The same cannot be said for Kathleen Kennedy, whose run as Lucasfilm head has been entirely mixed and filled with behind the scenes drama and fan revolts. Figuring out not only the future of Star Wars but also who will be in charge of that future has to be the most pressing creative problem facing Iger.
Somewhat lower on that list is Pixar, which would seem to be in good shape after Toy Story 4, but it has experienced its own executive reshuffling as of late and has an upcoming slate of riskier projects. Pixar President Jim Morris is betting on the future, telling Vulture the company can’t just lean on Lee Unkrich, Peter Docter, and Andrew Stanton to work magic. Going forward, Pixar needs to find a new generation of talent:
Those guys are all middle-aged or older now and they’re not going to be the filmmakers ten years from now. They’re not going to necessarily be the ones that have their finger on the zeitgeist. And we knew that. Animated films come from people of their time, if that makes any sense. Just as John was, and Andrew, Pete, and Lee were when they made their first films.
Not coincidentally, Toy Story 4 and Onward were entrusted to longtime Pixar employees – Josh Cooley and Dan Scanlon respectively – who’d never solo directed a feature-length film for the company before. Later this year, one of those middle-aged guys Morris referenced, Pete Docter, is returning for a new movie, Soul, but he’s doing so as a co-director. Working with Docter on Soul is Kemp Powers, a complete Pixar newbie. With any luck, Docter will mentor him and look on with pride years from now when Powers makes something just as good if not better than Up.

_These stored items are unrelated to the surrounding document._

theorem lemma3p12:
  fixes \<Omega> :: "(real^'n) set" and T :: real and U :: "((real^'n) \<times> real) set"
    and e :: "(real^'n) \<times> real \<Rightarrow> real \<Rightarrow> real"
  assumes n2: "CARD('n) \<ge> 2"
    and dom: "open \<Omega>" "connected \<Omega>" "\<Omega> \<noteq> {}" "bounded \<Omega>"
    and T: "T > 0"
    and U: "open U" "U \<subseteq> \<Omega> \<times> {0<..<T}"
    and affine: "\<forall>y\<in>\<Omega> \<times> {0<..<T}. \<exists>a b. \<forall>r. e y r = a + b * r"
    and pos: "\<forall>y\<in>U. e y 1 > 0 \<and> e y (-1) > 0"
    and cont: "continuous_on (U \<times> {-1..1}) (\<lambda>(y, r). e y r)"
    and bdd: "bounded ((\<lambda>(y, r). e y r) ` (U \<times> {-1..1}))"
  shows "(\<forall>y\<in>U. compact (piZ ` Kset e y) \<and> piZ ` Kset e y \<noteq> {})
    \<and> (\<forall>y\<in>U. \<forall>\<epsilon>>0. \<exists>\<delta>>0. \<forall>y'\<in>U. dist y' y < \<delta> \<longrightarrow>
           hausdorff_dist (piZ ` Kset e y') (piZ ` Kset e y) < \<epsilon>)
    \<and> (\<exists>C. \<forall>y\<in>U. \<forall>y'\<in>U. hausdorff_dist (piZ ` Kset e y) (piZ ` Kset e y') \<le> C)"
proof -
  have K_eq: "piZ ` Kset e y = K_image (e y)" if "y \<in> U" for y
    using pos that by (intro piZ_Kset_eq_K_image) auto
  have e_cont: "continuous_on U (\<lambda>y. e y \<rho>)" if "\<rho> \<in> {1, -1}" for \<rho>
  proof -
    have "continuous_on U (\<lambda>y. (\<lambda>(y, r). e y r) (y, \<rho>))"
      using that by (intro continuous_on_compose2[OF cont]) (auto intro: continuous_intros)
    then show ?thesis
      by simp
  qed
  obtain B where "\<forall>z\<in>(\<lambda>(y, r). e y r) ` (U \<times> {-1..1}). norm z \<le> B"
    using bdd unfolding bounded_iff by blast
  then have B: "\<bar>e y \<rho>\<bar> \<le> B" if "y \<in> U" and "\<rho> \<in> {1, -1}" for y \<rho>
    using that by force
  have "compact (piZ ` Kset e y) \<and> piZ ` Kset e y \<noteq> {}" if "y \<in> U" for y
    using K_eq[OF that] compact_K_image[where 'n='n] K_image_nonempty[where 'n='n] by simp
  moreover have "\<exists>\<delta>>0. \<forall>y'\<in>U. dist y' y < \<delta> \<longrightarrow>
      hausdorff_dist (piZ ` Kset e y') (piZ ` Kset e y) < \<epsilon>"
    if "y \<in> U" and "\<epsilon> > 0" for y \<epsilon>
    using K_image_hausdorff_continuous[OF e_cont that] K_eq that(1) by simp
  moreover have "hausdorff_dist (piZ ` Kset e y) (piZ ` Kset e y')
      \<le> 8 * sqrt (real CARD('n) * B) + 4 * B * (real CARD('n) + norm (mat 1 :: real^'n^'n))"
    if "y \<in> U" and "y' \<in> U" for y y'
    using hausdorff_dist_K_image_bounded[OF B B] K_eq that by simp
  ultimately show ?thesis
    by blast
qed

end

Iger obviously hopes for a similar outcome with his mentorship of Chapek. After enjoying one of the biggest years in Disney history thanks to Avengers: Endgame and Disney+, Iger could have easily dropped the mic and peaced out, enjoying a billionaire’s retirement of running some sports team. However, Disney is experiencing its own mini-succession dramas all throughout the company, and before Iger goes he wants to make sure everything is heading in the right direction and all the right people are in charge.
Then, maybe, he runs for president. Iger 2024?